(Beginning of SUPPLIED DATA)

lemma normal_form_tens_right:
  assumes r: "r \<in> I" and s: "s \<in> L" and n: "n \<in> J"
  shows "lin_ext normal_form_gen (tens_right NM r s n) (b, j) =
    (if b = block_one r then int (\<Sum>j'\<in>supp3 NM s n. NM s n j' * NM (coord r) j' j) else 0)"
proof -
  have "{p. tens_right NM r s n p \<noteq> 0} \<subseteq> Pair r ` supp3 NM s n"
    by (auto simp: tens_right_def supp3_def split: if_splits)
  then have "lin_ext normal_form_gen (tens_right NM r s n) (b, j) =
      (\<Sum>p\<in>Pair r ` supp3 NM s n. tens_right NM r s n p * normal_form_gen p (b, j))"
    using finite_supp_NM[OF s n] by (intro lin_ext_eq_sum) auto
  also have "\<dots> = (\<Sum>j'\<in>supp3 NM s n. tens_right NM r s n (r, j') * normal_form_gen (r, j') (b, j))"
    by (subst sum.reindex) (auto simp: inj_on_def)
  also have "\<dots> = (if b = block_one r then int (\<Sum>j'\<in>supp3 NM s n. NM s n j' * NM (coord r) j' j) else 0)"
    by (simp add: tens_right_def normal_form_gen_def)
  finally show ?thesis .
qed

lemma normal_form_tens_left:
  assumes r: "r \<in> I" and s: "s \<in> I" and n: "n \<in> J"
  shows "lin_ext normal_form_gen (tens_left NR r s n) (b, j) =
    int (\<Sum>i\<in>supp3 NR r s. NR r s i * (if b = block_one i then NM (coord i) n j else 0))"
proof -
  have "{p. tens_left NR r s n p \<noteq> 0} \<subseteq> (\<lambda>i. (i, n)) ` supp3 NR r s"
    by (auto simp: tens_left_def supp3_def split: if_splits)
  then have "lin_ext normal_form_gen (tens_left NR r s n) (b, j) =
      (\<Sum>p\<in>(\<lambda>i. (i, n)) ` supp3 NR r s. tens_left NR r s n p * normal_form_gen p (b, j))"
    using finite_supp[OF r s] by (intro lin_ext_eq_sum) auto
  also have "\<dots> = (\<Sum>i\<in>supp3 NR r s. tens_left NR r s n (i, n) * normal_form_gen (i, n) (b, j))"
    by (simp add: sum.reindex inj_on_def)
  also have "\<dots> = int (\<Sum>i\<in>supp3 NR r s. NR r s i * (if b = block_one i then NM (coord i) n j else 0))"
    by (auto simp: tens_left_def normal_form_gen_def tens_right_def intro!: sum.cong)
  finally show ?thesis .
qed

lemma normal_form_tens_left_subring:
  assumes r: "r \<in> I" and s: "s \<in> L" and n: "n \<in> J"
  shows "lin_ext normal_form_gen (tens_left NR r s n) (b, j) =
    (if b = block_one r then int (\<Sum>k\<in>supp3 NR (coord r) s. NR (coord r) s k * NM k n j) else 0)"
proof -
  have sI: "s \<in> I" using s L_subset by blast
  have supp: "i \<in> I" "block_one i = block_one r" "NR r s i = NR (coord r) s (coord i)"
    if "i \<in> supp3 NR r s" for i
  proof -
    have rsi: "NR r s i \<noteq> 0" using that by (simp add: supp3_def)
    show "i \<in> I" "block_one i = block_one r"
      using NR_right_mult_nonzeroD[OF r s rsi] by (simp_all add: block_one_def)
    then show "NR r s i = NR (coord r) s (coord i)"
      using NR_right_mult[OF r s] NR_right_mult_nonzeroD[OF r s rsi] by simp
  qed
  have "lin_ext normal_form_gen (tens_left NR r s n) (b, j) =
      int (\<Sum>i\<in>supp3 NR r s. if b = block_one r then NR (coord r) s (coord i) * NM (coord i) n j else 0)"
    unfolding normal_form_tens_left[OF r sI n] using supp by (auto intro!: sum.cong)
  also have "\<dots> = (if b = block_one r then
      int (\<Sum>i\<in>supp3 NR r s. NR (coord r) s (coord i) * NM (coord i) n j) else 0)"
    by simp
  also have "(\<Sum>i\<in>supp3 NR r s. NR (coord r) s (coord i) * NM (coord i) n j) =
      (\<Sum>k\<in>supp3 NR (coord r) s. NR (coord r) s k * NM k n j)"
    using sum.reindex_bij_betw[OF bij_betw_coord_supp[OF r s]] .
  finally show ?thesis .
qed

lemma normal_form_tens_rel:
  assumes r: "r \<in> I" and s: "s \<in> L" and n: "n \<in> J"
  shows "lin_ext normal_form_gen (tens_rel NR NM r s n) y = 0"
proof -
  obtain b j where y: "y = (b, j)" by fastforce
  have "finite {p. tens_left NR r s n p \<noteq> 0}" "finite {p. tens_right NM r s n p \<noteq> 0}"
    using finsupp_tens_left[OF r _ n] finsupp_tens_right[OF r s n] s L_subset
    by (auto simp: finsupp_on_def)
  then have "lin_ext normal_form_gen (tens_rel NR NM r s n) y =
      lin_ext normal_form_gen (tens_left NR r s n) y - lin_ext normal_form_gen (tens_right NM r s n) y"
    unfolding tens_rel_eq_diff by (rule lin_ext_diff)
  then show ?thesis
    using normal_form_tens_left_subring[OF r s n] normal_form_tens_right[OF r s n]
      NM_assoc[OF coord_mem[OF r] s n] by (simp add: y)
qed

lemma finsupp_normal_form:
  assumes f: "finsupp_on (I \<times> J) f"
  shows "finsupp_on std_basis (lin_ext normal_form_gen f)"
proof -
  let ?P = "{p. f p \<noteq> 0}"
  let ?U = "\<Union>p\<in>?P. {block_one (fst p)} \<times> supp3 NM (coord (fst p)) (snd p)"
  have P: "finite ?P" "?P \<subseteq> I \<times> J" using f by (auto simp: finsupp_on_def)
  have "{y. lin_ext normal_form_gen f y \<noteq> 0} \<subseteq> ?U"
  proof
    fix y assume "y \<in> {y. lin_ext normal_form_gen f y \<noteq> 0}"
    then obtain p where p: "p \<in> ?P" "f p * normal_form_gen p y \<noteq> 0"
      unfolding lin_ext_def by (auto elim: sum.not_neutral_contains_not_neutral)
    then have "fst y = block_one (fst p)" "NM (coord (fst p)) (snd p) (snd y) \<noteq> 0"
      by (auto simp: normal_form_gen_def tens_right_def split: prod.splits if_splits)
    then show "y \<in> ?U" using p(1) by (intro UN_I[of p]) (auto simp: supp3_def mem_Times_iff)
  qed
  moreover have "finite ?U"
    using P finite_supp_NM coord_mem by auto
  moreover have "?U \<subseteq> std_basis"
    using P block_one_mem coord_block_one coord_mem NM_nonzero_mem
    by (fastforce simp: std_basis_def supp3_def)
  ultimately show ?thesis unfolding finsupp_on_def by (auto dest: finite_subset)
qed

lemma delta_minus_normal_form_gen:
  assumes i: "i \<in> I"
  shows "(\<lambda>x. delta (i, n) x - normal_form_gen (i, n) x) = tens_rel NR NM (block_one i) (coord i) n"
proof -
  have "tens_left NR (block_one i) (coord i) n = delta (i, n)"
    using NR_block_one_coord[OF i] by (auto simp: tens_left_def delta_def)
  then show ?thesis by (simp add: tens_rel_eq_diff normal_form_gen_def)
qed

lemma
  shows ind_basis_std_basis: "ind_basis I J (ind_rels I L J NR NM) std_basis"
    and ind_coeff_std_basis: "finsupp_on (I \<times> J) f \<Longrightarrow>
      ind_coeff (ind_rels I L J NR NM) std_basis f = lin_ext normal_form_gen f"
proof -
  let ?X = "{tens_rel NR NM r s n | r s n. r \<in> I \<and> s \<in> L \<and> n \<in> J}"
  have basis: "std_basis \<subseteq> I \<times> J" by (auto simp: std_basis_def)
  have rels: "finite {p. g p \<noteq> 0} \<and> (\<forall>y. lin_ext normal_form_gen g y = 0)" if "g \<in> ?X" for g
  proof -
    obtain r s n where g: "g = tens_rel NR NM r s n" and rsn: "r \<in> I" "s \<in> L" "n \<in> J"
      using \<open>g \<in> ?X\<close> by blast
    have "finite {p. tens_left NR r s n p \<noteq> 0}" "finite {p. tens_right NM r s n p \<noteq> 0}"
      using finsupp_tens_left[OF rsn(1) _ rsn(3)] finsupp_tens_right[OF rsn] rsn(2) L_subset
      by (auto simp: finsupp_on_def)
    moreover have "{p. g p \<noteq> 0} \<subseteq> {p. tens_left NR r s n p \<noteq> 0} \<union> {p. tens_right NM r s n p \<noteq> 0}"
      unfolding g tens_rel_eq_diff by auto
    ultimately have "finite {p. g p \<noteq> 0}" by (meson finite_UnI finite_subset)
    then show ?thesis using normal_form_tens_rel[OF rsn] g by simp
  qed
  have gens: "(\<lambda>x. delta p x - normal_form_gen p x) \<in> ?X" if "p \<in> I \<times> J" for p
    using that delta_minus_normal_form_gen block_one_mem coord_mem by fastforce
  show "ind_basis I J (ind_rels I L J NR NM) std_basis"
    unfolding ind_rels_def
    by (rule ind_basis_by_normal_form[OF basis finsupp_normal_form normal_form_gen_std_basis rels gens])
  show "finsupp_on (I \<times> J) f \<Longrightarrow> ind_coeff (ind_rels I L J NR NM) std_basis f = lin_ext normal_form_gen f"
    unfolding ind_rels_def
    by (rule ind_coeff_by_normal_form[OF basis finsupp_normal_form normal_form_gen_std_basis rels gens])
qed

lemma ind_const_eq:
  assumes \<alpha>: "\<alpha> \<in> I" and r': "r' \<in> I" and j': "j' \<in> J"
  shows "ind_const I L J NR NM std_basis \<alpha> (r', j') (r, j) =
    int (\<Sum>i\<in>supp3 NR \<alpha> r'. NR \<alpha> r' i * (if r = block_one i then NM (coord i) j' j else 0))"
  unfolding ind_const_def ind_action_delta ind_coeff_std_basis[OF finsupp_tens_left[OF \<alpha> r' j']]
  by (rule normal_form_tens_left[OF \<alpha> r' j'])

lemma ind_const_nonneg:
  assumes \<alpha>: "\<alpha> \<in> I" and b': "b' \<in> std_basis"
  shows "0 \<le> ind_const I L J NR NM std_basis \<alpha> b' b"
proof -
  obtain r' j' where b': "b' = (r', j')" and r': "r' \<in> I" and j': "j' \<in> J"
    using b' by (auto simp: std_basis_def)
  obtain r j where b: "b = (r, j)" by fastforce
  show ?thesis unfolding b b' ind_const_eq[OF \<alpha> r' j'] by (rule of_nat_0_le_iff)
qed

lemma ind_const_nonzero_iff:
  assumes \<alpha>: "\<alpha> \<in> I" and r': "r' \<in> I" and j': "j' \<in> J"
  shows "ind_const I L J NR NM std_basis \<alpha> (r', j') (r, j) \<noteq> 0 \<longleftrightarrow>
    (\<exists>i. NR \<alpha> r' i \<noteq> 0 \<and> r = block_one i \<and> NM (coord i) j' j \<noteq> 0)"
  unfolding ind_const_eq[OF assms] of_nat_eq_0_iff sum_NR_nonzero_iff[OF \<alpha> r'] by auto

lemma finite_ind_const_support:
  assumes cofinite: "cofinite_module L J NM" and b: "b \<in> std_basis" and b': "b' \<in> std_basis"
  shows "finite {\<alpha> \<in> I. ind_const I L J NR NM std_basis \<alpha> b' b \<noteq> 0}"
proof -
  obtain r j r' j' where rj: "b = (r, j)" "r \<in> I" "j \<in> J" and rj': "b' = (r', j')" "r' \<in> I" "j' \<in> J"
    using b b' by (auto simp: std_basis_def)
  define \<Phi> where "\<Phi> = {i \<in> I. block_one i = r \<and> NM (coord i) j' j \<noteq> 0}"
  have block_\<Phi>: "i \<in> I \<and> block i = block r" if "i \<in> \<Phi>" for i
  proof -
    have "i \<in> I" "block_one i = r" using that by (auto simp: \<Phi>_def)
    then show ?thesis using block_block_one[of i] by simp
  qed
  have "inj_on coord \<Phi>"
    using block_\<Phi> eq_if_block_coord_eq by (intro inj_onI) metis
  moreover have "coord ` \<Phi> \<subseteq> {a \<in> L. NM a j' j \<noteq> 0}" using coord_mem by (auto simp: \<Phi>_def)
  moreover have "finite {a \<in> L. NM a j' j \<noteq> 0}"
    using cofinite rj rj' by (auto simp: cofinite_module_def)
  ultimately have "finite \<Phi>" by (meson finite_imageD finite_subset)
  then have "finite (\<Union>i\<in>\<Phi>. supp3 NR i (bar r'))"
    using finite_supp bar_mem[OF rj'(2)] by (auto simp: \<Phi>_def)
  moreover have "{\<alpha> \<in> I. ind_const I L J NR NM std_basis \<alpha> b' b \<noteq> 0} \<subseteq> (\<Union>i\<in>\<Phi>. supp3 NR i (bar r'))"
  proof
    fix \<alpha> assume "\<alpha> \<in> {\<alpha> \<in> I. ind_const I L J NR NM std_basis \<alpha> b' b \<noteq> 0}"
    then have \<alpha>: "\<alpha> \<in> I" and "ind_const I L J NR NM std_basis \<alpha> (r', j') (r, j) \<noteq> 0"
      using rj rj' by auto
    then obtain i where i: "NR \<alpha> r' i \<noteq> 0" "r = block_one i" "NM (coord i) j' j \<noteq> 0"
      using ind_const_nonzero_iff[OF \<alpha> rj'(2,3)] by blast
    have iI: "i \<in> I" using NR_nonzero_mem[OF \<alpha> rj'(2) i(1)] .
    then have "i \<in> \<Phi>" using i by (simp add: \<Phi>_def)
    moreover have "NR i (bar r') \<alpha> \<noteq> 0" using NR_reciprocity_nonzero[OF \<alpha> rj'(2) iI i(1)] .
    ultimately show "\<alpha> \<in> (\<Union>i\<in>\<Phi>. supp3 NR i (bar r'))" by (auto simp: supp3_def)
  qed
  ultimately show ?thesis by (rule finite_subset[rotated])
qed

(End of SUPPLIED DATA)

■ **EXERCISE DIRECTIONS**
What is needed is a verbatim copy of every line in the records above from the one containing "unfolding tens_rel_eq_diff by" down to the one containing "then obtain p", both included, and nothing more.

■ **RESULT OF THE EXERCISE**
    unfolding tens_rel_eq_diff by (rule lin_ext_diff)
  then show ?thesis
    using normal_form_tens_left_subring[OF r s n] normal_form_tens_right[OF r s n]
      NM_assoc[OF coord_mem[OF r] s n] by (simp add: y)
qed

lemma finsupp_normal_form:
  assumes f: "finsupp_on (I \<times> J) f"
  shows "finsupp_on std_basis (lin_ext normal_form_gen f)"
proof -
  let ?P = "{p. f p \<noteq> 0}"
  let ?U = "\<Union>p\<in>?P. {block_one (fst p)} \<times> supp3 NM (coord (fst p)) (snd p)"
  have P: "finite ?P" "?P \<subseteq> I \<times> J" using f by (auto simp: finsupp_on_def)
  have "{y. lin_ext normal_form_gen f y \<noteq> 0} \<subseteq> ?U"
  proof
    fix y assume "y \<in> {y. lin_ext normal_form_gen f y \<noteq> 0}"
    then obtain p where p: "p \<in> ?P" "f p * normal_form_gen p y \<noteq> 0"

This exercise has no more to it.